To the Ends of the Earth: When Sheep Attack

by a WSC alum

Going in to ministry everyone knows there will be opposition. We know that there will be hostile atheists heaping scorn upon us. We know that there will be secularists who wonder why we are so intolerant. We know to expect the sideways glance and snarky remark from our culturally elite relatives at Thanksgiving dinner. Seminary, to some extent, prepares us for this. What I was completely unprepared for was something different; something that came from the inside—I had no idea what to do when sheep attack.

As I began my ministry I knew I needed two kinds of people. I needed really broken people to minister to and I need really mature people to help me minister to them. As I thought and prayed about whom I might ask to help one couple stood on top of the list. I asked them to come and they agreed. I was elated! They were perfect for the mission! As our friendship developed there were some red flags but I took them in stride considering the amazing work they were doing. Then the unthinkable: they were offered another ministry opportunity through our connections and used us as a stepping-stone, throwing a couple hand-grenades of slander, gossip, and dissention into the mix on their way out for good measure. BOOM.  

As the shock waves of the explosion made its way through the church I was devastated. These people were our friends. We had TRUSTED them. I tried to reach out and restore them to no avail. I found myself in the bizarre position of having to defend their character to the rest of the church in order to stop the spreading dissention they had left in their wake—all the while reeling from the feeling of deep personal betrayal and fear. I wondered why I hadn’t had better discernment about them earlier? I began to mistrust everyone else around me. I questioned my leadership. Was this somehow my fault? I feared the church would start to splinter and break apart. I wondered: Why would God allow this to happen?


Here is what I learned:

1. Everyone is broken, even the mature ones. That’s why you’re a pastor.

I realized I had made an artificial distinction in my mind between the “sick” ones and the “well” ones that caused me to overlook the early red flags I saw. Emotional and spiritual maturity are on a continuum, and everyone has bad days. As a pastor I am responsible to keep guard over all the flock and to know that everyone (myself included) is in need of spiritual care, sometimes.

2. Ministry is not safe, but it’s good.

I’ve learned that ministry means I will be hurt. Every part of me wanted to retaliate, but I knew that it would have hurt the church even worse. I had to be the one to absorb the evil. Sometimes your hurt will fall under the “pick up your cross” category, and it will result in the long-term benefit of the people. Not that we’re to be doormats, but if you know someone is going to take the hit, it needs to be you.

3. Trust God to protect you and His Church.

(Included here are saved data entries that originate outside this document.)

lemma Re_state_variance_of_average_le:
  fixes u :: "int \<Rightarrow> 'a" and I :: "int set" and w :: int and E :: real
  assumes "finite I" "I \<noteq> {}" "w \<ge> 0"
    and bound: "\<And>k l. cmod (\<omega> (st (u k) * u l)) \<le> E"
    and decorrelated: "\<And>k l. w < \<bar>k - l\<bar> \<Longrightarrow> \<omega> (st (u k) * u l) = 0"
    and d_def: "d = (1 / real (card I)) *\<^sub>R (\<Sum>k\<in>I. u k)"
  shows "Re (\<omega> (st d * d)) \<le> (2 * w + 1) * E / real (card I)"
proof -
  let ?N = "real (card I)"
  have "?N > 0" using assms(1,2) by (simp add: card_gt_0_iff)
  have "\<omega> (st d * d) = (1 / ?N)\<^sup>2 *\<^sub>R (\<Sum>k\<in>I. \<Sum>l\<in>I. \<omega> (st (u k) * u l))"
    by (simp add: d_def st_scaleR st_sum sum_product power2_eq_square state_scaleR state_sum)
  then have "Re (\<omega> (st d * d)) \<le> (1 / ?N)\<^sup>2 * cmod (\<Sum>k\<in>I. \<Sum>l\<in>I. \<omega> (st (u k) * u l))"
    using complex_Re_le_cmod[of "(1 / ?N)\<^sup>2 *\<^sub>R (\<Sum>k\<in>I. \<Sum>l\<in>I. \<omega> (st (u k) * u l))"]
    by (simp only: norm_scaleR abs_power2)
  also have "\<dots> \<le> (1 / ?N)\<^sup>2 * (\<Sum>k\<in>I. \<Sum>l\<in>I. cmod (\<omega> (st (u k) * u l)))"
    by (intro mult_left_mono order_trans[OF norm_sum sum_mono[OF norm_sum]]) simp_all
  also have "\<dots> \<le> (1 / ?N)\<^sup>2 * (\<Sum>k\<in>I. (2 * w + 1) * E)"
  proof (intro mult_left_mono sum_mono)
    fix k
    show "(\<Sum>l\<in>I. cmod (\<omega> (st (u k) * u l))) \<le> (2 * w + 1) * E"
      using sum_banded_le[OF \<open>finite I\<close> \<open>w \<ge> 0\<close>, where f = "\<lambda>l. cmod (\<omega> (st (u k) * u l))" and k = k]
        bound decorrelated by simp
  qed simp
  also have "\<dots> = (2 * w + 1) * E / ?N"
    using \<open>?N > 0\<close> by (simp add: power2_eq_square)
  finally show ?thesis .
qed

lemma state_mult_exp_tendsto:
  assumes x_bound: "\<And>n. norm (x n) \<le> B" and d_bound: "\<And>n. norm (d n) \<le> R"
    and x_lim: "(\<lambda>n. \<omega> (x n)) \<longlonglongrightarrow> L"
    and variance_lim: "(\<lambda>n. Re (\<omega> (st (d n) * d n))) \<longlonglongrightarrow> 0"
  shows "(\<lambda>n. \<omega> (x n * exp (cmul c 1 + d n))) \<longlonglongrightarrow> L * exp c"
proof -
  have "\<forall>n. \<exists>F. exp (d n) = 1 + F * d n \<and> norm F \<le> exp (norm (d n))"
    using exp_eq_one_plus_mult by blast
  then obtain F where F: "\<And>n. exp (d n) = 1 + F n * d n" and F_bound: "\<And>n. norm (F n) \<le> exp (norm (d n))"
    by metis
  define r where "r n = \<omega> (x n * F n * d n)" for n
  have split: "\<omega> (x n * exp (cmul c 1 + d n)) = exp c * (\<omega> (x n) + r n)" for n
  proof -
    have "cmul c 1 * d n = d n * cmul c 1"
      using cmul_eq_cmul_one_mult cmul_eq_mult_cmul_one by metis
    then have "exp (cmul c 1 + d n) = cmul (exp c) (1 + F n * d n)"
      by (simp add: exp_add_commuting exp_cmul_one F cmul_eq_cmul_one_mult[symmetric])
    then have "x n * exp (cmul c 1 + d n) = cmul (exp c) (x n + x n * F n * d n)"
      by (simp add: cmul_mult_right[symmetric] distrib_left mult.assoc)
    then show ?thesis
      by (simp add: state_cmul state_add r_def)
  qed
  define K where "K = (B * exp R)\<^sup>2"
  have r_bound: "norm (r n) \<le> sqrt (K * Re (\<omega> (st (d n) * d n)))" for n
  proof -
    have "norm (x n * F n) \<le> B * exp R"
      using norm_mult_ineq[of "x n" "F n"] x_bound[of n] F_bound[of n] d_bound[of n]
      by (smt (verit, best) exp_le_cancel_iff mult_mono norm_ge_zero)
    then have "(cmod (r n))\<^sup>2 \<le> K * Re (\<omega> (st (d n) * d n))"
      unfolding r_def K_def
      using state_mult_Cauchy_Schwarz[of "x n * F n" "d n"] Re_state_st_mult_self_nonneg[of "d n"]
      by (smt (verit) mult_right_mono norm_ge_zero power_mono)
    then show ?thesis
      by (simp add: real_le_rsqrt)
  qed
  have "(\<lambda>n. sqrt (K * Re (\<omega> (st (d n) * d n)))) \<longlonglongrightarrow> 0"
    using tendsto_real_sqrt[OF tendsto_mult_right_zero[OF variance_lim]] by simp
  then have "r \<longlonglongrightarrow> 0"
    by (rule Lim_null_comparison[OF always_eventually[OF allI[OF r_bound]]])
  then have "(\<lambda>n. exp c * (\<omega> (x n) + r n)) \<longlonglongrightarrow> exp c * (L + 0)"
    by (intro tendsto_intros x_lim)
  then show ?thesis
    by (simp add: split mult.commute)
qed

end

section \<open>Quasi-local dynamics\<close>

locale quasi_local_dynamics =
  fixes cmul :: "complex \<Rightarrow> 'a::{real_normed_algebra_1,banach} \<Rightarrow> 'a" and st :: "'a \<Rightarrow> 'a"
    and M :: "int set \<Rightarrow> 'a set" and \<gamma> :: "int \<Rightarrow> 'a \<Rightarrow> 'a" and \<omega> :: "'a \<Rightarrow> complex"
  assumes quasi_local: "quasi_local cmul st M"
    and action: "translation_action cmul st M \<gamma>"
    and invariant_state: "invariant_multiplicative_state cmul st M \<gamma> \<omega>"

sublocale quasi_local_dynamics \<subseteq> cstar_state
proof
  show "unital_cstar_algebra cmul st"
    using quasi_local unfolding quasi_local_def by simp
  show "is_state cmul st \<omega>"
    using invariant_state unfolding invariant_multiplicative_state_def by simp
qed

context quasi_local_dynamics
begin

lemma state_translate: "\<omega> (\<gamma> j x) = \<omega> x"
  using invariant_state unfolding invariant_multiplicative_state_def by simp

lemma state_mult_disjoint:
  assumes "fin_interval I" "fin_interval J" "I \<inter> J = {}" "x \<in> M I" "y \<in> M J"
  shows "\<omega> (x * y) = \<omega> x * \<omega> y"
  using invariant_state assms unfolding invariant_multiplicative_state_def by blast

lemma local_diff_cmul_one_mem:
  assumes "fin_interval I" "x \<in> M I"
  shows "x - cmul c 1 \<in> M I"
proof -
  have "wstar_subalgebra cmul st (M I)"
    using quasi_local assms(1) unfolding quasi_local_def by simp
  then have "1 \<in> M I" "\<And>x y. x \<in> M I \<Longrightarrow> y \<in> M I \<Longrightarrow> x + y \<in> M I"
    "\<And>c x. x \<in> M I \<Longrightarrow> cmul c x \<in> M I"
    unfolding wstar_subalgebra_def by simp_all
  then have "x + cmul (-1) (cmul c 1) \<in> M I"
    using assms(2) by simp
  then show ?thesis
    using cmul_of_real[of "-1" "cmul c 1"] by simp
qed

lemma local_st_mem:
  assumes "fin_interval I" "x \<in> M I"
  shows "st x \<in> M I"
proof -
  have "wstar_subalgebra cmul st (M I)"
    using quasi_local assms(1) unfolding quasi_local_def by simp
  then show ?thesis
    using assms(2) unfolding wstar_subalgebra_def by simp
qed

lemma translate_mem_local:
  assumes "a \<le> b" "y \<in> M {a..b}"
  shows "\<gamma> k y \<in> M {a + k..b + k}"
proof -
  have "fin_interval {a..b}"
    using assms(1) unfolding fin_interval_def by auto
  then have "\<gamma> k ` M {a..b} = M {a + k..b + k}"
    using action unfolding translation_action_def by simp
  then show ?thesis
    using imageI[OF assms(2), of "\<gamma> k"] by simp
qed

lemma norm_translate_le: "norm (\<gamma> k y) \<le> norm y"
proof (rule star_automorphism_norm_le)
  show "star_automorphism cmul st (\<gamma> k)"
    using action unfolding translation_action_def by simp
qed

lemma centered_translates_uncorrelated:
  assumes "a \<le> b" "y \<in> M {a..b}" "b - a < \<bar>k - l\<bar>"
  shows "\<omega> (st (\<gamma> k y - cmul (\<omega> y) 1) * (\<gamma> l y - cmul (\<omega> y) 1)) = 0"
proof -
  define u where "u j = \<gamma> j y - cmul (\<omega> y) 1" for j
  have interval: "fin_interval {a + j..b + j}" for j
    using \<open>a \<le> b\<close> unfolding fin_interval_def by auto
  have u_mem: "u j \<in> M {a + j..b + j}" for j
    unfolding u_def by (rule local_diff_cmul_one_mem[OF interval translate_mem_local[OF assms(1,2)]])
  have centered: "\<omega> (u j) = 0" for j
    unfolding u_def by (simp add: state_diff state_cmul state_translate)
  have "{a + k..b + k} \<inter> {a + l..b + l} = {}"
    using assms(3) by auto
  then have "\<omega> (st (u k) * u l) = \<omega> (st (u k)) * \<omega> (u l)"
    by (rule state_mult_disjoint[OF interval interval _ local_st_mem[OF interval u_mem] u_mem])
  then show ?thesis
    using centered unfolding u_def by simp
qed

definition centered_average :: "int set \<Rightarrow> 'a \<Rightarrow> 'a" where
  "centered_average I y = (1 / real (card I)) *\<^sub>R (\<Sum>k\<in>I. \<gamma> k y - cmul (\<omega> y) 1)"

lemma average_translates_eq:
  assumes "finite I" "I \<noteq> {}"
  shows "(1 / real (card I)) *\<^sub>R (\<Sum>k\<in>I. \<gamma> k y) = cmul (\<omega> y) 1 + centered_average I y"
  unfolding centered_average_def using assms by (intro average_eq_add_average_diff) (simp add: card_gt_0_iff)

lemma norm_centered_translate_le: "norm (\<gamma> k y - cmul (\<omega> y) 1) \<le> norm y + cmod (\<omega> y)"
  using norm_triangle_ineq4[of "\<gamma> k y" "cmul (\<omega> y) 1"] norm_translate_le[of k y] norm_cmul[of "\<omega> y" 1]
  by simp

lemma norm_centered_average_le: "norm (centered_average I y) \<le> norm y + cmod (\<omega> y)"
  unfolding centered_average_def by (rule norm_average_le[OF norm_centered_translate_le])

lemma Re_state_variance_centered_average_le:
  assumes "a \<le> b" "y \<in> M {a..b}" "finite I" "I \<noteq> {}"
  defines "d \<equiv> centered_average I y"
  shows "Re (\<omega> (st d * d)) \<le> of_int (2 * (b - a) + 1) * (norm y + cmod (\<omega> y))\<^sup>2 / real (card I)"
proof (rule Re_state_variance_of_average_le[OF assms(3,4)])
  let ?u = "\<lambda>k. \<gamma> k y - cmul (\<omega> y) 1"
  show "cmod (\<omega> (st (?u k) * ?u l)) \<le> (norm y + cmod (\<omega> y))\<^sup>2" for k l
  proof -
    have "cmod (\<omega> (st (?u k) * ?u l)) \<le> norm (?u k) * norm (?u l)"
      using norm_state_le[of "st (?u k) * ?u l"] norm_mult_ineq[of "st (?u k)" "?u l"]
      by (simp add: norm_st)
    also have "\<dots> \<le> (norm y + cmod (\<omega> y))\<^sup>2"
      using mult_mono[OF norm_centered_translate_le norm_centered_translate_le]
      by (simp add: power2_eq_square)
    finally show ?thesis .
  qed
  show "\<omega> (st (?u k) * ?u l) = 0" if "b - a < \<bar>k - l\<bar>" for k l
    by (rule centered_translates_uncorrelated[OF assms(1,2) that])
  show "d = (1 / real (card I)) *\<^sub>R (\<Sum>k\<in>I. ?u k)"
    unfolding d_def centered_average_def ..
qed (use \<open>a \<le> b\<close> in simp)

The church survived and actually became stronger. We forged new levels of trust as our session, our friends, and our people ministered to my wife and I through it. We became more resilient. We learned to trust God more. I painfully felt God use the situation to temper some of the pride and anger in my heart and create in me a more gentle, compassionate, forgiving spirit—and that has made me a better minister.


Now that the dust has settled and the fracturing abated, I can see the lesson for what it was. As a WSC grad I’m big on academic learning, but I also believe that there are some things you just have to learn through experience, and I believe that God in His good providence runs us through controlled explosions to help us learn some of the hard experiential lessons of life that we must master to become effective ministers. May God grant some controlled explosions in your ministry!